ヤンチ(電話)「恐れ入ります、お1人で37万6200円ですね・・・。」
光「え?嘘でしょ?」
ヤンチが言うには店で一番高額な「黒毛和牛ロースの焼きしゃぶ」を1頭分食べ、水の様に生ビールをがぶがぶと呑んだ結果だそうだ。光やガルナスが大食いなのは渚譲りだったのだろうか。
光が1人ドン引きしていると、電話の向こうで遠くからとても嫌な言葉が。
渚(電話)「ヤンチさぁ~ん、焼きしゃぶ追加~。後ビールね。」
光「げっ!!」
これは早く迎えに行かなければとんでもない大騒動になってしまう、『瞬間移動』で迎えに行っても良いが好美は免許を持っていないので軽バンはどうしよう。

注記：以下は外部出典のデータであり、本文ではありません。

lemma preorder_rank_le_iff:
  assumes fin: "finite S" and refl: "refl_on S r" and trans: "trans r" and total: "total_on S r"
    and s: "s \<in> S" and t: "t \<in> S"
  shows "(s, t) \<in> r \<longleftrightarrow> preorder_rank r S s \<le> preorder_rank r S t"
proof
  assume "(s, t) \<in> r"
  then have "{u\<in>S. (u, s) \<in> r} \<subseteq> {u\<in>S. (u, t) \<in> r}" using trans by (auto dest: transD)
  then show "preorder_rank r S s \<le> preorder_rank r S t"
    unfolding preorder_rank_def using fin by (intro card_mono) auto
next
  assume le: "preorder_rank r S s \<le> preorder_rank r S t"
  show "(s, t) \<in> r"
  proof (rule ccontr)
    assume st: "(s, t) \<notin> r"
    then have "(t, s) \<in> r" using refl total s t unfolding refl_on_def total_on_def by metis
    then have "{u\<in>S. (u, t) \<in> r} \<subseteq> {u\<in>S. (u, s) \<in> r}" using trans by (auto dest: transD)
    moreover have "s \<in> {u\<in>S. (u, s) \<in> r} - {u\<in>S. (u, t) \<in> r}" using refl s st by (auto dest: refl_onD)
    ultimately have "{u\<in>S. (u, t) \<in> r} \<subset> {u\<in>S. (u, s) \<in> r}" by blast
    then have "preorder_rank r S t < preorder_rank r S s"
      unfolding preorder_rank_def using fin by (intro psubset_card_mono) auto
    then show False using le by simp
  qed
qed

context
  fixes H :: "(nat \<times> nat) set" and I :: "'i set" and xr yr :: "'i \<Rightarrow> nat"
  assumes infinite_columns: "infinite {a. infinite {b. (a, b) \<in> H}}"
    and xy_less: "\<And>i. i \<in> I \<Longrightarrow> xr i < yr i"
    and yr_inj: "inj_on yr I"
    and xy_ne: "\<And>i j. i \<in> I \<Longrightarrow> j \<in> I \<Longrightarrow> xr i \<noteq> yr j"
begin

lemma ex_next_embedding_value:
  assumes col: "\<And>i. i \<in> I \<Longrightarrow> xr i < k \<Longrightarrow> infinite {b. (g (xr i), b) \<in> H}"
  shows "\<exists>v>B. (\<forall>i\<in>I. xr i = k \<longrightarrow> infinite {b. (v, b) \<in> H}) \<and>
    (\<forall>i\<in>I. yr i = k \<longrightarrow> (g (xr i), v) \<in> H)"
proof (cases "\<exists>i\<in>I. xr i = k")
  case True
  then have "\<forall>i\<in>I. yr i \<noteq> k" using xy_ne by metis
  moreover obtain v where "v > B" "infinite {b. (v, b) \<in> H}"
    using infinite_columns unfolding infinite_nat_iff_unbounded by blast
  ultimately show ?thesis by blast
next
  case no_x: False
  show ?thesis
  proof (cases "\<exists>j\<in>I. yr j = k")
    case True
    then obtain j where j: "j \<in> I" "yr j = k" by blast
    then have "infinite {b. (g (xr j), b) \<in> H}" using col xy_less by blast
    then obtain v where "v > B" "(g (xr j), v) \<in> H"
      unfolding infinite_nat_iff_unbounded by blast
    moreover have "i = j" if "i \<in> I" "yr i = k" for i
      using yr_inj j that by (auto dest: inj_onD)
    ultimately show ?thesis using no_x by blast
  next
    case False
    then show ?thesis using no_x by (intro exI[of _ "Suc B"]) auto
  qed
qed

text \<open>Keeping every x-position in an infinite column is what leaves room, above all values
  chosen so far, for the y-positions of that column that come later.\<close>
lemma ex_strict_mono_embedding_into_columns:
  "\<exists>g. strict_mono_on {..<k} g \<and>
    (\<forall>i\<in>I. xr i < k \<longrightarrow> infinite {b. (g (xr i), b) \<in> H}) \<and>
    (\<forall>i\<in>I. yr i < k \<longrightarrow> (g (xr i), g (yr i)) \<in> H)"
proof (induction k)
  case 0
  show ?case by (auto intro: strict_mono_onI)
next
  case (Suc k)
  then obtain g where mono: "strict_mono_on {..<k} g"
    and col: "\<And>i. i \<in> I \<Longrightarrow> xr i < k \<Longrightarrow> infinite {b. (g (xr i), b) \<in> H}"
    and pair: "\<And>i. i \<in> I \<Longrightarrow> yr i < k \<Longrightarrow> (g (xr i), g (yr i)) \<in> H"
    by blast
  define B where "B = (\<Sum>i<k. g i)"
  have below_B: "g i \<le> B" if "i < k" for i
    unfolding B_def using that by (intro member_le_sum) auto
  obtain v where "v > B"
    and v_col: "\<And>i. i \<in> I \<Longrightarrow> xr i = k \<Longrightarrow> infinite {b. (v, b) \<in> H}"
    and v_pair: "\<And>i. i \<in> I \<Longrightarrow> yr i = k \<Longrightarrow> (g (xr i), v) \<in> H"
    using ex_next_embedding_value[where k = k and g = g and B = B, OF col] by blast
  show ?case
  proof (intro exI[of _ "g(k := v)"] conjI ballI impI)
    show "strict_mono_on {..<Suc k} (g(k := v))"
    proof (rule strict_mono_onI)
      fix i j assume "i \<in> {..<Suc k}" "j \<in> {..<Suc k}" "i < j"
      then show "(g(k := v)) i < (g(k := v)) j"
        using below_B[of i] \<open>v > B\<close> strict_mono_onD[OF mono, of i j] by (cases "j = k") auto
    qed
  next
    fix i assume "i \<in> I" "xr i < Suc k"
    then show "infinite {b. ((g(k := v)) (xr i), b) \<in> H}"
      using col v_col by (cases "xr i = k") auto
  next
    fix i assume i: "i \<in> I" "yr i < Suc k"
    then have "xr i < k" using xy_less[of i] xy_ne[of i i] by auto
    then show "((g(k := v)) (xr i), (g(k := v)) (yr i)) \<in> H"
      using i pair v_pair by (cases "yr i = k") auto
  qed
qed

end

lemma finite_symbols [simp]: "finite (symbols n)"
  by (simp add: symbols_def)

lemma mem_symbols_iff [simp]: "(c, i) \<in> symbols n \<longleftrightarrow> i \<in> {1..n}"
  by (simp add: symbols_def)

lemma is_type_rank_le_iff:
  assumes "is_type n \<tau>" "s \<in> symbols n" "t \<in> symbols n"
  shows "(s, t) \<in> \<tau> \<longleftrightarrow> preorder_rank \<tau> (symbols n) s \<le> preorder_rank \<tau> (symbols n) t"
  using assms unfolding is_type_def by (intro preorder_rank_le_iff) auto

lemma is_type_rank_less:
  assumes "is_type n \<tau>" "s \<in> symbols n" "t \<in> symbols n" "strict_rel \<tau> s t"
  shows "preorder_rank \<tau> (symbols n) s < preorder_rank \<tau> (symbols n) t"
  using assms is_type_rank_le_iff[of n \<tau> t s] unfolding strict_rel_def by auto

lemma is_type_rank_x_neq_y:
  assumes type: "is_type n \<tau>" and "i \<in> {1..n}" "j \<in> {1..n}"
  shows "preorder_rank \<tau> (symbols n) (False, i) \<noteq> preorder_rank \<tau> (symbols n) (True, j)"
proof
  assume "preorder_rank \<tau> (symbols n) (False, i) = preorder_rank \<tau> (symbols n) (True, j)"
  then have "((False, i), (True, j)) \<in> \<tau>" "((True, j), (False, i)) \<in> \<tau>"
    using assms is_type_rank_le_iff[of n \<tau> "(False, i)" "(True, j)"]
      is_type_rank_le_iff[of n \<tau> "(True, j)" "(False, i)"] by simp_all
  then show False using type assms(2,3) unfolding is_type_def by fastforce
qed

一先ず電話を切ってケデールに駐車場で車を預かって貰う様に一言。
光「すみません、すぐに戻りますので。」
ケデール「大変ですね、私の方は全然大丈夫ですよ。」
『瞬間移動』でヤンチの店に向かった光は、中央のテーブルで1人お楽しみの渚を発見した。積まれたジョッキと大皿の量が色々と物語っている。
光「お母さん、どんだけ呑んでんの!!」
ヤンチ「ははは・・・、どうやら私達が別の部屋で話していた頃からお楽しみだった様で。」
渚「光ぃ~、あんたも加わりなさ~い。」
光「馬鹿な事言ってないで帰るよ、それに何で私が代金払わなきゃいけないの。」
渚「良いじゃないか、あんた金持ちなんだからさ。」
光「何言ってんの、後で返しなさいよね。ヤンチさんおいくらですか?」
ヤンチは改めて伝票を取りに行った、数秒後・・・。
ヤンチ「えっとですね・・・、48万9800円ですね・・・。」
光「お母さん、あれから数秒の間に何食べたらそんなに高くなるの!!」
どうやら焼きしゃぶの間に牛タンやカルビ等も注文していて代金が跳ね上がったそうだ、酒もビールだけではなく焼酎やワインにまさかの古酒まで呑んでいる。
ワインに至っては「ロートシルト」をグラスで何杯も呑んでいるのでこの代金になっているのも納得がいった、光は渋々代金を立て替えた。
ヤンチ「ありがとうございます、何かお手伝いしましょうか。」
光「いや大丈夫です、家ですぐベッドに放り込みますので。失礼します。」
何処の世界でも酔っ払いはめんどくさい。